__TASK GOAL__: Within the records that follow, find every line containing the string "vectors". Copy those lines.

__RECORDS FOR THIS EXERCISE__:
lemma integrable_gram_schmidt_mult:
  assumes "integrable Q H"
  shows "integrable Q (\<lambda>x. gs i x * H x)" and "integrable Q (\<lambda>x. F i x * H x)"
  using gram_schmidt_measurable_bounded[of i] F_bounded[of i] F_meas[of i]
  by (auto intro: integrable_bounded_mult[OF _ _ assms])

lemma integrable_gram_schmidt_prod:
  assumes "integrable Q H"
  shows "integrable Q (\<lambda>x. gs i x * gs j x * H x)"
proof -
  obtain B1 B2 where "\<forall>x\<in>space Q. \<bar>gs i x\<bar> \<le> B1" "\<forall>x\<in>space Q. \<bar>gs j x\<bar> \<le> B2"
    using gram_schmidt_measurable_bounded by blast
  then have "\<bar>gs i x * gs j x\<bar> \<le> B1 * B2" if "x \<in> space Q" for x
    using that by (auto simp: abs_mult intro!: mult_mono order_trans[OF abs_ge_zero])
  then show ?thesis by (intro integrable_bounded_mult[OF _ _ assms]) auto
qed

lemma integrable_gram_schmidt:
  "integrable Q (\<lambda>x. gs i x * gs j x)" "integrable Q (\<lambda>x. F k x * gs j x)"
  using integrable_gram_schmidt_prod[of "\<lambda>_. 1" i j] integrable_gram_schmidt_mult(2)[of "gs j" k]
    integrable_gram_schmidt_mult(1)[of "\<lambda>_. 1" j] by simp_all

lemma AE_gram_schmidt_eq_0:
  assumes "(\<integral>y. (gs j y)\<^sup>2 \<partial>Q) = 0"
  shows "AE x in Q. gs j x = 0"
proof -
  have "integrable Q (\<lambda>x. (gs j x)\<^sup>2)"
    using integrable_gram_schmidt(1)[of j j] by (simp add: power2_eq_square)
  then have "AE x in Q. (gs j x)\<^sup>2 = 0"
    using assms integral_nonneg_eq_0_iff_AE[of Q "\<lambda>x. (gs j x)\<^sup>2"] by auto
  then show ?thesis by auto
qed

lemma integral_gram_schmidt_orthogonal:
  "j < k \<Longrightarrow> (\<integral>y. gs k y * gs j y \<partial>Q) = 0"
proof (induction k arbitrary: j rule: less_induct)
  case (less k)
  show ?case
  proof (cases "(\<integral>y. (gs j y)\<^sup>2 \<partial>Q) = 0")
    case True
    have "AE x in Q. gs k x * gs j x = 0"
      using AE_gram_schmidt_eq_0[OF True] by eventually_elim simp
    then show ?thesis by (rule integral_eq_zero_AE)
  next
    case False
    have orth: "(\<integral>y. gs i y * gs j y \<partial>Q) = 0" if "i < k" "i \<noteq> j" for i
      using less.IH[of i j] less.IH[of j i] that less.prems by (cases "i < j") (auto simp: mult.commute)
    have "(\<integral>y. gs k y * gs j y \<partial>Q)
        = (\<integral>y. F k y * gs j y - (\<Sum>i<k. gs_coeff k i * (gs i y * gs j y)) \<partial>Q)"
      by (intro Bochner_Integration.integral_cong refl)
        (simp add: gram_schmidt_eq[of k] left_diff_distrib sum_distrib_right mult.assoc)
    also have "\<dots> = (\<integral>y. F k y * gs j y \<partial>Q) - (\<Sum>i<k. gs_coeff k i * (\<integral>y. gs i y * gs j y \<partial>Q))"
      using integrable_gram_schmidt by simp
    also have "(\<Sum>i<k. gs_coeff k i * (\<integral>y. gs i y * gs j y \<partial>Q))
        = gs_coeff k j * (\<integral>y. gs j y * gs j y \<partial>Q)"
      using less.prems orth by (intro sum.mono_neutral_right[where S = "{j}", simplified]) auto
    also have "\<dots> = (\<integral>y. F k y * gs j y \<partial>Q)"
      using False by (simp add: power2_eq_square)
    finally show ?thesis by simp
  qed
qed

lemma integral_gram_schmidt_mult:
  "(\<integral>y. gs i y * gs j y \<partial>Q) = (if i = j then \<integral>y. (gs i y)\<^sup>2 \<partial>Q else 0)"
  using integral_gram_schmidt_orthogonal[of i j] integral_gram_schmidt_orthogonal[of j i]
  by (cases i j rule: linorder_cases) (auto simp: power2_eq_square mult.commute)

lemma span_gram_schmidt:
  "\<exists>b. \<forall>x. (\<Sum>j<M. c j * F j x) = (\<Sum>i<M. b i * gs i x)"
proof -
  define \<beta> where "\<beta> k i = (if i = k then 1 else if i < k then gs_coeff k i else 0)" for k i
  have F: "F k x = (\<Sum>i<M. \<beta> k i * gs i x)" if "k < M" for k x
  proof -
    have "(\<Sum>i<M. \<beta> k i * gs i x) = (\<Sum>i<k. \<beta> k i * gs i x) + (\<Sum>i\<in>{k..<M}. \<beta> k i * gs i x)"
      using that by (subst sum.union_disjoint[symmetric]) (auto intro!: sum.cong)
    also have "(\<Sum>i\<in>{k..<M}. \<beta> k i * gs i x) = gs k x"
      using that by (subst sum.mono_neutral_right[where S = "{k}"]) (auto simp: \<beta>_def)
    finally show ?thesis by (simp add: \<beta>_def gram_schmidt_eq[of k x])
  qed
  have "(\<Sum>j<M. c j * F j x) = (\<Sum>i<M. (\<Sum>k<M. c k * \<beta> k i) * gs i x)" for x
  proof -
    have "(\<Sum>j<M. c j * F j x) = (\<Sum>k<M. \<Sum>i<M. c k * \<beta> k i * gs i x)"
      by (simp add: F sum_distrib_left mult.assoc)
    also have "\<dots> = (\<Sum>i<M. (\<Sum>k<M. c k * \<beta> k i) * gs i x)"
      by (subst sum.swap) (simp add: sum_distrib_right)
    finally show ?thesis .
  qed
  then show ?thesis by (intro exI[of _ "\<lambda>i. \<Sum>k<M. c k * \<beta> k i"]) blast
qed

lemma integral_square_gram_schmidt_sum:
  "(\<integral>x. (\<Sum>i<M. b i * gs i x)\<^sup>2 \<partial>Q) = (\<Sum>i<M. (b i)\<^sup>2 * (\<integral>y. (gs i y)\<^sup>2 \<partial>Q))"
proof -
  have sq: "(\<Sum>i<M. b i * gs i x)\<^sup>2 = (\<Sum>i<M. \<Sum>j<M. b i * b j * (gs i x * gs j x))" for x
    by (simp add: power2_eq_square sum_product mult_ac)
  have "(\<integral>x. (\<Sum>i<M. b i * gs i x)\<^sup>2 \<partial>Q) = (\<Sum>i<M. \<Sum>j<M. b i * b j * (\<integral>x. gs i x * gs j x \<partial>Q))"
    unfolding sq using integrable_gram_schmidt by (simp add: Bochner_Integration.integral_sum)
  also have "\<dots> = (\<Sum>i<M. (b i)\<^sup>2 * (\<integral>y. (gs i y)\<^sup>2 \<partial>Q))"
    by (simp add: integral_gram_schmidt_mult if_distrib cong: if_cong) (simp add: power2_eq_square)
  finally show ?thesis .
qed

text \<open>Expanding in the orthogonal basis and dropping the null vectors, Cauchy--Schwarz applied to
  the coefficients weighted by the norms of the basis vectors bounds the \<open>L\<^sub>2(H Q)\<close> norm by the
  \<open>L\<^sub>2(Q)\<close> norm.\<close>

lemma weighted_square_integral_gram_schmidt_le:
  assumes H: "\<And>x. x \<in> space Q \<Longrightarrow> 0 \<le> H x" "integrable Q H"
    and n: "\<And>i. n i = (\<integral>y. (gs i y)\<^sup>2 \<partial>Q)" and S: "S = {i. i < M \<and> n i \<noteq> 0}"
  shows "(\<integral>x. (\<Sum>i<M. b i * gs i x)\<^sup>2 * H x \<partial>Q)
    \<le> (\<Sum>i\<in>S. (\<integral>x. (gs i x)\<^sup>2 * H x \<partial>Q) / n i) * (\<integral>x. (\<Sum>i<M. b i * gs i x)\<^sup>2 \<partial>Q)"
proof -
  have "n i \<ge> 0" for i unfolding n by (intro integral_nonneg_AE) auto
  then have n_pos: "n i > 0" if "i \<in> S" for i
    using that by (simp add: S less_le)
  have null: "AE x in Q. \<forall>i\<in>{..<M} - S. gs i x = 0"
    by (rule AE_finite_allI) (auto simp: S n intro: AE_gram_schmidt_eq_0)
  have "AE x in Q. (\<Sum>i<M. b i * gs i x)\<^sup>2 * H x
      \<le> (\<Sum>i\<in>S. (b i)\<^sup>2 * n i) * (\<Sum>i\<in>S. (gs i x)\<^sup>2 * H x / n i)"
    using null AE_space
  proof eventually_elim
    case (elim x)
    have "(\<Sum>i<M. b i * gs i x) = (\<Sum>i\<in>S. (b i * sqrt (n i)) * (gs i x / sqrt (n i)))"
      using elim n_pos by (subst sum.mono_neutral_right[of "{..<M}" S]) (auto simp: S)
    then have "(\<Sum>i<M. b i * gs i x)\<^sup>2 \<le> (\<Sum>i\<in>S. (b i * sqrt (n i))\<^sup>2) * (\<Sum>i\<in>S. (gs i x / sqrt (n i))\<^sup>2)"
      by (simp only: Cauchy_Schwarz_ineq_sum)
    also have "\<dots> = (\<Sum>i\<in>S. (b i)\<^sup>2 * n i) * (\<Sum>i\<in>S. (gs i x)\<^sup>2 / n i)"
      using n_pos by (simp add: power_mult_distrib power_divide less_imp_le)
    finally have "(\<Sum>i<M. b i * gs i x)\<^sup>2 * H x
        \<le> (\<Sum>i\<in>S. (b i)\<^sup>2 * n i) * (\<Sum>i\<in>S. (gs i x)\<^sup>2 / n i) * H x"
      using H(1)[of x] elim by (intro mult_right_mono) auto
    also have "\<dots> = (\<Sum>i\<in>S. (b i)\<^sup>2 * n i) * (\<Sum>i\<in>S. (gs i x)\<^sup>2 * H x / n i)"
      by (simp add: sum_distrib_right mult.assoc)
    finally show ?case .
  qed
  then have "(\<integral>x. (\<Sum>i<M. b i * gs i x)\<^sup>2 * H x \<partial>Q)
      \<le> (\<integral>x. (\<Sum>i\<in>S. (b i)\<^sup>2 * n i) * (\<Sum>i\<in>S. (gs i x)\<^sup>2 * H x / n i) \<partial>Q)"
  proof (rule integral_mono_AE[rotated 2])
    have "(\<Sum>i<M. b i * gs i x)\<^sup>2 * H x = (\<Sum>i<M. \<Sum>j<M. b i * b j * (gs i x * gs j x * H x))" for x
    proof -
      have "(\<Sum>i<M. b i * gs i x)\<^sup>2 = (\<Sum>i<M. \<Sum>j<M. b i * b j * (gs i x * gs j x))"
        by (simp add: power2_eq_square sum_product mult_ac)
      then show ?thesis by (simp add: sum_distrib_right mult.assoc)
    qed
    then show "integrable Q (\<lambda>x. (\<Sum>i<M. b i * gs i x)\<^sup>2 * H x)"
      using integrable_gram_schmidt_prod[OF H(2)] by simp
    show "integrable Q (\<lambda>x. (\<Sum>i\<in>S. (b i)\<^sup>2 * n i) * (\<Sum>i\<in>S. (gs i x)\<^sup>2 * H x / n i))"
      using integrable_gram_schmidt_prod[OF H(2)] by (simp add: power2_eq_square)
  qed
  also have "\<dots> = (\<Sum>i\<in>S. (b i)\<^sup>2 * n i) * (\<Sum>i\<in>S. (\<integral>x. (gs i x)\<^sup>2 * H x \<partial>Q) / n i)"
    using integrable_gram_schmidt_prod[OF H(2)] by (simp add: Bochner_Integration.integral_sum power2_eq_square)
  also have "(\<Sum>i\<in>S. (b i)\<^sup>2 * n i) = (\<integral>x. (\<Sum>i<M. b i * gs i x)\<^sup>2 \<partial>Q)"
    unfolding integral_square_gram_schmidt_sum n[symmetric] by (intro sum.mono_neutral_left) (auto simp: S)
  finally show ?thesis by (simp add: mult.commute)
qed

__THE COMPLETED TASK__:
text \<open>Expanding in the orthogonal basis and dropping the null vectors, Cauchy--Schwarz applied to
  the coefficients weighted by the norms of the basis vectors bounds the \<open>L\<^sub>2(H Q)\<close> norm by the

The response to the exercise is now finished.